## Exercise brief
Only the lines from the one that contains "theory Defs" to the end of the material below are wanted, each duplicated exactly.

+ + +

(* Assume the standing hypotheses (S) with $\lambda\ge0$, that $\nabla\phi^{\#}_{\rho_0}$ is $L$-Lipschitz on $\mathbb H$, and $\tau\le1/L$. Then for every $n\ge0$: (1) the energy is non-increasing: \[\phi^{\#}_{\rho_0}(X_{n+1}^\tau)+\frac\lambda2\|X_n^\tau-X_{n+1}^\tau\|^2_{\mathbb H}+\tau\Big(1-\frac{L\tau}2\Big)\|\nabla\phi^{\#}_{\rho_0}(X_{n+1}^\tau)\|^2_{\mathbb H}\le\phi^{\#}_{\rho_0}(X_n^\tau);\] (2) the gradient norm decays exponentially: \[\|\nabla\phi^{\#}_{\rho_0}(X_n^\tau)\|^2_{\mathbb H}\ge e^{2\lambda_{\tau,L}\tau}\|\nabla\phi^{\#}_{\rho_0}(X_{n+1}^\tau)\|^2_{\mathbb H},\qquad\lambda_{\tau,L}:=\frac{\log\big(1+\lambda\tau(2-L\tau)\big)}{2\tau}\ge0.\]
   Context: Standing hypotheses (S): $\rho_0\in\mathcal P_2(\mathbb R^d)$; $\mathbb H=L^2(\mathbb R^d;\rho_0)$ is the Hilbert space of $\rho_0$-square-integrable maps $\mathbb R^d\to\mathbb R^d$ with $\langle\xi_1,\xi_2\rangle_{\mathbb H}=\int\langle\xi_1,\xi_2\rangle d\rho_0$; $\phi:\mathcal P_2(\mathbb R^d)\to\mathbb R$ has lift $\phi^{\#}_{\rho_0}(\xi):=\phi(\xi_{\#}\rho_0)$ which is Fréchet differentiable on $\mathbb H$ (gradient $\nabla\phi^{\#}_{\rho_0}$), $\lambda$-convex on $\mathbb H$ for some $\lambda\in\mathbb R$ (i.e. $\phi^{\#}_{\rho_0}((1-t)\xi_1+t\xi_2)\le(1-t)\phi^{\#}_{\rho_0}(\xi_1)+t\phi^{\#}_{\rho_0}(\xi_2)-\frac\lambda2t(1-t)\|\xi_1-\xi_2\|_{\mathbb H}^2$), and $\inf_{\mathbb H}\phi^{\#}_{\rho_0}>-\infty$; the time step $\tau>0$ satisfies $\lambda/2+1/\tau>0$; $X_0^\tau\in\mathbb H$. Lagrangian trapezoidal scheme: $X_{n+1}^\tau$ is the (unique) minimizer over $\xi\in\mathbb H$ of $\tfrac12\phi^{\#}_{\rho_0}(\xi)+\tfrac12\langle\nabla\phi^{\#}_{\rho_0}(X_n^\tau),\xi\rangle_{\mathbb H}+\tfrac1{2\tau}\|\xi-X_n^\tau\|^2_{\mathbb H}$; equivalently $X_{n+1}^\tau=X_n^\tau-\frac\tau2\big(\nabla\phi^{\#}_{\rho_0}(X_{n+1}^\tau)+\nabla\phi^{\#}_{\rho_0}(X_n^\tau)\big)$. *)

theory Defs
  imports "HOL-Analysis.Analysis"
begin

+ + +

## Result below
theory Defs
  imports "HOL-Analysis.Analysis"
begin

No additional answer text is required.